Ecotrust, which held introductory meetings in Eureka and Fort Bragg this week and will hold another one in Crescent City next Thursday, is gathering socioeconomic data for the state. Data from seafloor mapping, currently underway, also will be used. And, in each region, local stakeholders work with the state to propose areas for protection. A science advisory team vets the proposals, and a state-appointed Blue Ribbon Task Force decides which ones get forwarded to the state Fish and Game Commission, which makes the final determination.

So far, two regions have undergone the process -- the central coast, around Monterey, and the north central coast, which includes the southern portion of Mendocino's Point Arena. The south coast is underway, and now the north coast is on deck. The San Francisco area will be last.

When it's all said and done, there will be an interconnected network of these MPAs, some of which will be off limits to all fishing and marine product extraction, and others which allow restricted fishing.

To some folks here in the North Coast region, from Alder Creek near Point Arena to the border with Oregon, this thing's like some kind of slow-motion tsunami -- they've seen it coming for a long time, they don't like it, but damned if they can get out of its way.

Others see it as a big, speeding, wayward ship of good intentions that needs some local pilotage to slow it down and get it back on course.

And yet others view it with confident optimism, and hope.

Last Friday was a blustery day. And even though the fish were out there -- hordes of them, according to recent fishing reports, plying the jaggy rocks and underwater canyons off Cape Mendocino and the rocky zone near Trinidad -- the fishermen knew better. It wasn't a day to be on the ocean. Better to dock the boat in its slip in port or on a trailer, curbside, in town, and just stay in.

"With this wind and rain," said one old salt to another that morning outside Englund Marine Supply Co. on Eureka's waterfront, "everyone's probably home playing cards and drinking."

But actually it seemed like everybody was coming down to Englund Marine. It was the first day of the fishing and boat supply store's giant annual tent sale, and the goodies-laden tables and racks in the parking lot lured a steady stream of commercial and sport fishers -- the latter bunch including some folks who looked like they'd gone AWOL from the office to not miss the big event.

People loaded up on new poles and navigation systems and lures and line and hardware and life vests and myriad other essentials. But a random poll of the shoppers revealed a pessimism toward the MLPA that seemed at odds with the forward-looking vibe of the shopping spree.

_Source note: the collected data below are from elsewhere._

lemma moment_add [simp]: "moment w (p + q) = moment w p + moment w q"
proof -
  let ?S = "Poly_Mapping.keys p \<union> Poly_Mapping.keys q"
  have "moment w (p + q) = (\<Sum>k\<in>?S. Poly_Mapping.lookup (p + q) k * w k)"
    using keys_add[of p q] by (intro moment_superset) auto
  also have "\<dots> = (\<Sum>k\<in>?S. Poly_Mapping.lookup p k * w k) + (\<Sum>k\<in>?S. Poly_Mapping.lookup q k * w k)"
    by (simp add: lookup_add distrib_right sum.distrib)
  also have "\<dots> = moment w p + moment w q"
    by (simp add: moment_superset[of ?S p] moment_superset[of ?S q])
  finally show ?thesis .
qed

lemma moment_uminus [simp]: "moment w (- p) = - moment w p"
  by (simp add: moment_def sum_negf)

lemma moment_diff [simp]: "moment w (p - q) = moment w p - moment w q"
  using moment_add[of w p "- q"] by simp

lemma moment_single [simp]: "moment w (Poly_Mapping.single k c) = c * w k"
  by (simp add: moment_def)

lemma moment_sum: "finite F \<Longrightarrow> moment w (sum f F) = (\<Sum>i\<in>F. moment w (f i))"
  by (induction F rule: finite_induct) auto

lemma moment_add_weight: "moment (\<lambda>k. w k + v k) p = moment w p + moment v p"
  by (simp add: moment_def distrib_left sum.distrib)

(* Constants are supported at the zero exponent. *)
lemma moment_of_int [simp]:
  "moment w (of_int c :: 'a::monoid_add \<Rightarrow>\<^sub>0 int) = c * w 0"
  by (metis single_of_int of_int_eq_id id_apply moment_single)

lemma moment_of_nat [simp]:
  "moment w (of_nat n :: 'a::monoid_add \<Rightarrow>\<^sub>0 int) = int n * w 0"
  by (metis single_of_nat moment_single)

lemma moment_one [simp]: "moment w (1 :: 'a::monoid_add \<Rightarrow>\<^sub>0 int) = w 0"
  using moment_of_int[of w 1] by simp

lemma moment_of_int_mult [simp]:
  "moment w (of_int c * p :: 'a::monoid_add \<Rightarrow>\<^sub>0 int) = c * moment w p"
  using subset_UNIV[of "Poly_Mapping.keys p"]
proof (induction p rule: frag_induction)
  case (one x)
  have "(of_int c :: 'a \<Rightarrow>\<^sub>0 int) * frag_of x = Poly_Mapping.single x c"
    by (simp flip: single_of_int add: mult_single)
  then show ?case by simp
qed (simp_all add: right_diff_distrib)

lemma bilinear_induct [case_names single diff_left diff_right]:
  fixes P :: "('a \<Rightarrow>\<^sub>0 int) \<Rightarrow> ('b \<Rightarrow>\<^sub>0 int) \<Rightarrow> bool"
  assumes single: "\<And>x y. P (frag_of x) (frag_of y)"
    and diff_left: "\<And>a b q. P a q \<Longrightarrow> P b q \<Longrightarrow> P (a - b) q"
    and diff_right: "\<And>p a b. P p a \<Longrightarrow> P p b \<Longrightarrow> P p (a - b)"
  shows "P p q"
proof -
  have single_left: "P (frag_of x) q" for x q
    using subset_UNIV[of "Poly_Mapping.keys q"]
  proof (induction q rule: frag_induction)
    case zero
    then show ?case by (metis diff_self diff_right single)
  qed (use single diff_right in auto)
  show ?thesis
    using subset_UNIV[of "Poly_Mapping.keys p"]
  proof (induction p rule: frag_induction)
    case zero
    then show ?case by (metis diff_self diff_left single_left)
  qed (use single_left diff_left in auto)
qed

abbreviation moment0 :: "('a \<Rightarrow>\<^sub>0 int) \<Rightarrow> int" where
  "moment0 \<equiv> moment (\<lambda>k. 1)"

abbreviation moment1 :: "'n::finite \<Rightarrow> 'n laurent \<Rightarrow> int" where
  "moment1 i \<equiv> moment (\<lambda>k. k $ i)"

abbreviation moment2 :: "'n::finite \<Rightarrow> 'n \<Rightarrow> 'n laurent \<Rightarrow> int" where
  "moment2 i j \<equiv> moment (\<lambda>k. k $ i * k $ j)"

(* Leibniz rules: the exponents of a product of monomials add, so the low-order moments of a product
   are determined by the low-order moments of the factors. *)
lemma moment0_mult: "moment0 (p * q :: 'a::monoid_add \<Rightarrow>\<^sub>0 int) = moment0 p * moment0 q"
  by (induction p q rule: bilinear_induct) (auto simp: mult_single left_diff_distrib right_diff_distrib)

lemma moment1_mult: "moment1 i (p * q) = moment1 i p * moment0 q + moment0 p * moment1 i q"
  by (induction p q rule: bilinear_induct)
    (auto simp: mult_single left_diff_distrib right_diff_distrib algebra_simps)

lemma moment2_mult:
  "moment2 i j (p * q) =
     moment2 i j p * moment0 q + moment1 i p * moment1 j q + moment1 j p * moment1 i q + moment0 p * moment2 i j q"
  by (induction p q rule: bilinear_induct)
    (auto simp: mult_single left_diff_distrib right_diff_distrib algebra_simps)

lemmas moment_mult = moment0_mult moment1_mult moment2_mult

lemma ideal_cube_uminus: "x \<in> ideal_cube I \<Longrightarrow> - x \<in> ideal_cube I"
  using ideal_cube.mult[of x I "-1"] by simp

lemma ideal_cube_diff: "x \<in> ideal_cube I \<Longrightarrow> y \<in> ideal_cube I \<Longrightarrow> x - y \<in> ideal_cube I"
  using ideal_cube.add[of x I "- y"] ideal_cube_uminus[of y I] by simp

lemma ideal_cube_mult_right: "x \<in> ideal_cube I \<Longrightarrow> x * r \<in> ideal_cube I"
  using ideal_cube.mult[of x I r] by (simp add: mult.commute)

lemma ideal_cube_sum:
  "finite F \<Longrightarrow> (\<And>i. i \<in> F \<Longrightarrow> f i \<in> ideal_cube I) \<Longrightarrow> sum f F \<in> ideal_cube I"
  by (induction F rule: finite_induct) (auto intro: ideal_cube.intros)

abbreviation aug_cube :: "'n::finite laurent set" where
  "aug_cube \<equiv> ideal_cube aug_ideal"

lemma aug_ideal_iff: "p \<in> aug_ideal \<longleftrightarrow> moment0 p = 0"
  by (simp add: aug_ideal_def eval_ones_def moment_def)

definition moments_vanish :: "'n::finite laurent \<Rightarrow> bool" where
  "moments_vanish q \<longleftrightarrow> moment0 q = 0 \<and> (\<forall>i. moment1 i q = 0) \<and> (\<forall>i j. moment2 i j q = 0)"

(* Easy half of the characterisation of I^3: by the Leibniz rules a product of three elements of I
   has vanishing moments of order <= 2, and this is preserved by sums and ring multiples. *)
lemma aug_cube_moments_vanish: "q \<in> aug_cube \<Longrightarrow> moments_vanish q"
  by (induction rule: ideal_cube.induct) (auto simp: moments_vanish_def aug_ideal_iff moment_mult)

definition unit_vec :: "'n::finite \<Rightarrow> int ^ 'n" where
  "unit_vec i = (\<chi> j. if j = i then 1 else 0)"

lemma unit_vec_nth [simp]: "unit_vec i $ j = (if j = i then 1 else 0)"
  by (simp add: unit_vec_def)

lemma var_eq: "var i = mono (unit_vec i)"
  by (simp add: var_def unit_vec_def)

lemma var_inv_eq: "var_inv i = mono (- unit_vec i)"
proof -
  have "(\<chi> j. if j = i then -1 else 0) = - unit_vec i"
    by (simp add: vec_eq_iff)
  then show ?thesis by (simp add: var_inv_def)
qed

lemma moment_fd:
  "moment w (fd :: 'n::finite laurent) =
     (\<Sum>i\<in>UNIV. 2 * w 0 - w (unit_vec i) - w (- unit_vec i))"
  by (simp add: fd_def moment_sum var_eq var_inv_eq mono_def sum_subtractf sum.distrib del: of_nat_mult)

lemma moment0_fd: "moment0 (fd :: 'n::finite laurent) = 0"
  by (simp add: moment_fd)

lemma moment1_fd: "moment1 l (fd :: 'n::finite laurent) = 0"
  by (simp add: moment_fd)

lemma moment2_fd: "moment2 l m (fd :: 'n::finite laurent) = (if l = m then -2 else 0)"
proof -
  have "moment2 l m (fd :: 'n laurent) = (\<Sum>i\<in>UNIV. if l = i \<and> m = i then -2 else 0)"
    unfolding moment_fd by (intro sum.cong) auto
  then show ?thesis by (simp add: sum_delta_conj)
qed

definition xvar :: "'n::finite \<Rightarrow> 'n laurent" where
  "xvar i = var i - 1"

definition taylor_lin :: "('n::finite \<Rightarrow> int) \<Rightarrow> 'n laurent" where
  "taylor_lin a = (\<Sum>i\<in>UNIV. of_int (a i) * xvar i)"

definition taylor_quad :: "('n::finite \<Rightarrow> 'n \<Rightarrow> int) \<Rightarrow> 'n laurent" where
  "taylor_quad b = (\<Sum>i\<in>UNIV. \<Sum>j\<in>UNIV. of_int (b i j) * (xvar i * xvar j))"

definition taylor :: "int \<Rightarrow> ('n::finite \<Rightarrow> int) \<Rightarrow> ('n \<Rightarrow> 'n \<Rightarrow> int) \<Rightarrow> 'n laurent" where
  "taylor c a b = of_int c + taylor_lin a + taylor_quad b"

lemma moment_xvar: "moment w (xvar i) = w (unit_vec i) - w 0"
  by (simp add: xvar_def var_eq mono_def)

lemma moment0_xvar [simp]: "moment0 (xvar i) = 0"
  by (simp add: moment_xvar)

lemma moment1_xvar [simp]: "moment1 l (xvar i) = (if l = i then 1 else 0)"
  by (simp add: moment_xvar)

lemma moment2_xvar [simp]: "moment2 l m (xvar i) = (if l = i \<and> m = i then 1 else 0)"
  by (simp add: moment_xvar)

lemma moment2_xvar_xvar:
  "moment2 l m (xvar i * xvar j) = (if l = i \<and> m = j then 1 else 0) + (if m = i \<and> l = j then 1 else 0)"
  by (simp only: moment2_mult moment0_xvar moment1_xvar mult_zero_left mult_zero_right add_0 add_0_right
      indicator_mult mult_1)

lemma moment0_taylor_lin [simp]: "moment0 (taylor_lin a) = 0"
  by (simp add: taylor_lin_def moment_sum moment0_mult)

lemma moment1_taylor_lin [simp]: "moment1 l (taylor_lin a) = a l"
  by (simp add: taylor_lin_def moment_sum moment0_mult moment1_mult if_distrib cong: if_cong)

lemma moment2_taylor_lin [simp]: "moment2 l m (taylor_lin a) = (if l = m then a l else 0)"
proof -
  have "moment2 l m (taylor_lin a) = (\<Sum>i\<in>UNIV. if l = i \<and> m = i then a i else 0)"
    unfolding taylor_lin_def by (simp add: moment_sum if_distrib cong: if_cong)
  then show ?thesis by (simp add: sum_delta_conj)
qed

lemma moment0_taylor_quad [simp]: "moment0 (taylor_quad b) = 0"
  by (simp add: taylor_quad_def moment_sum moment0_mult)

lemma moment1_taylor_quad [simp]: "moment1 l (taylor_quad b) = 0"
  by (simp add: taylor_quad_def moment_sum moment0_mult moment1_mult)

lemma moment2_taylor_quad [simp]: "moment2 l m (taylor_quad b) = b l m + b m l"
proof -
  have "moment2 l m (of_int (b i j) * (xvar i * xvar j)) =
      (if l = i \<and> m = j then b i j else 0) + (if m = i \<and> l = j then b i j else 0)" for i j
    by (simp only: moment_of_int_mult moment2_xvar_xvar distrib_left mult_indicator)
  then have "moment2 l m (taylor_quad b) =
      (\<Sum>i\<in>UNIV. \<Sum>j\<in>UNIV. (if l = i \<and> m = j then b i j else 0) + (if m = i \<and> l = j then b i j else 0))"
    unfolding taylor_quad_def by (simp only: moment_sum[OF finite_class.finite_UNIV])
  also have "\<dots> = b l m + b m l"
    by (simp only: sum.distrib sum_delta2)
  finally show ?thesis .
qed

"I'm dead against it," said a cranky guy, who wouldn't give his name, as he hauled his loot to his pickup. "The whole protection pendulum has swung out of bounds."

Eureka dentist Michael Holland, a sport fisherman, stood under the tent by a display of reels talking to Tim Klassen, who runs a charter boat out of Woodley Island Marina. Both men are members of the Humboldt Area Saltwater Anglers, a group that formed a year ago to give fishermen a bigger voice in the MLPA process and the political arena in general. Holland, 60, who has fished all his life, has followed the implementation of the MLPA in other regions with trepidation.

"They don't heed the advice of the fishermen," he said. "And I'm disappointed by the underlying assumption [of the Act] that we're going to fish these areas to extinction. We feel here on the North Coast that the weather, and the ocean conditions, self-limit how much fishing can be done. But that's not taken into consideration."

Inside the store, Eric Justesen, 42, studied a shelf stocked with colorful squid-shaped lures -- good for catching bottomfish -- while his 8-year-old son, Leland, crammed little lures into the mouths of bigger lures and made monster noises. Justesen, who has a bachelor's degree in marine biology but couldn't find work in his field, is self-employed and fishes to feed his family.

"I fish once or twice a week, depending on the weather, the regulations, the season -- all the things that keep us from fishing," he said somewhat bitterly. He said he's "disgusted" with the state's push for reserves. "They want to close things down and take it all away."

At the counter, Mike Zamboni was buying a new prop and hydraulic steering. Zamboni fishes commercially out of Trinidad with a small hook-and-line boat, and sells his catch -- rockfish, crab, salmon -- to Murphy's Market.

"Probably have to buy a bigger boat so I can fish outside the closure areas," he grumbled.

Big commercial fishing boats, which can go farther out into federal waters after big fish like salmon, won't be affected by the state MPAs. But Zamboni fears the 20-some small hook-and-line commercial fishermen in the region, like him, will be -- along with commercial crabbers, and the half-dozen charter boats that take sport fishers out on excursions, and the thousands of sport fishermen who launch their little boats out of local marinas.

That in turn could hurt the towns near the marinas, he said. "Most of the tourism in this area is directly or indirectly related to fishing."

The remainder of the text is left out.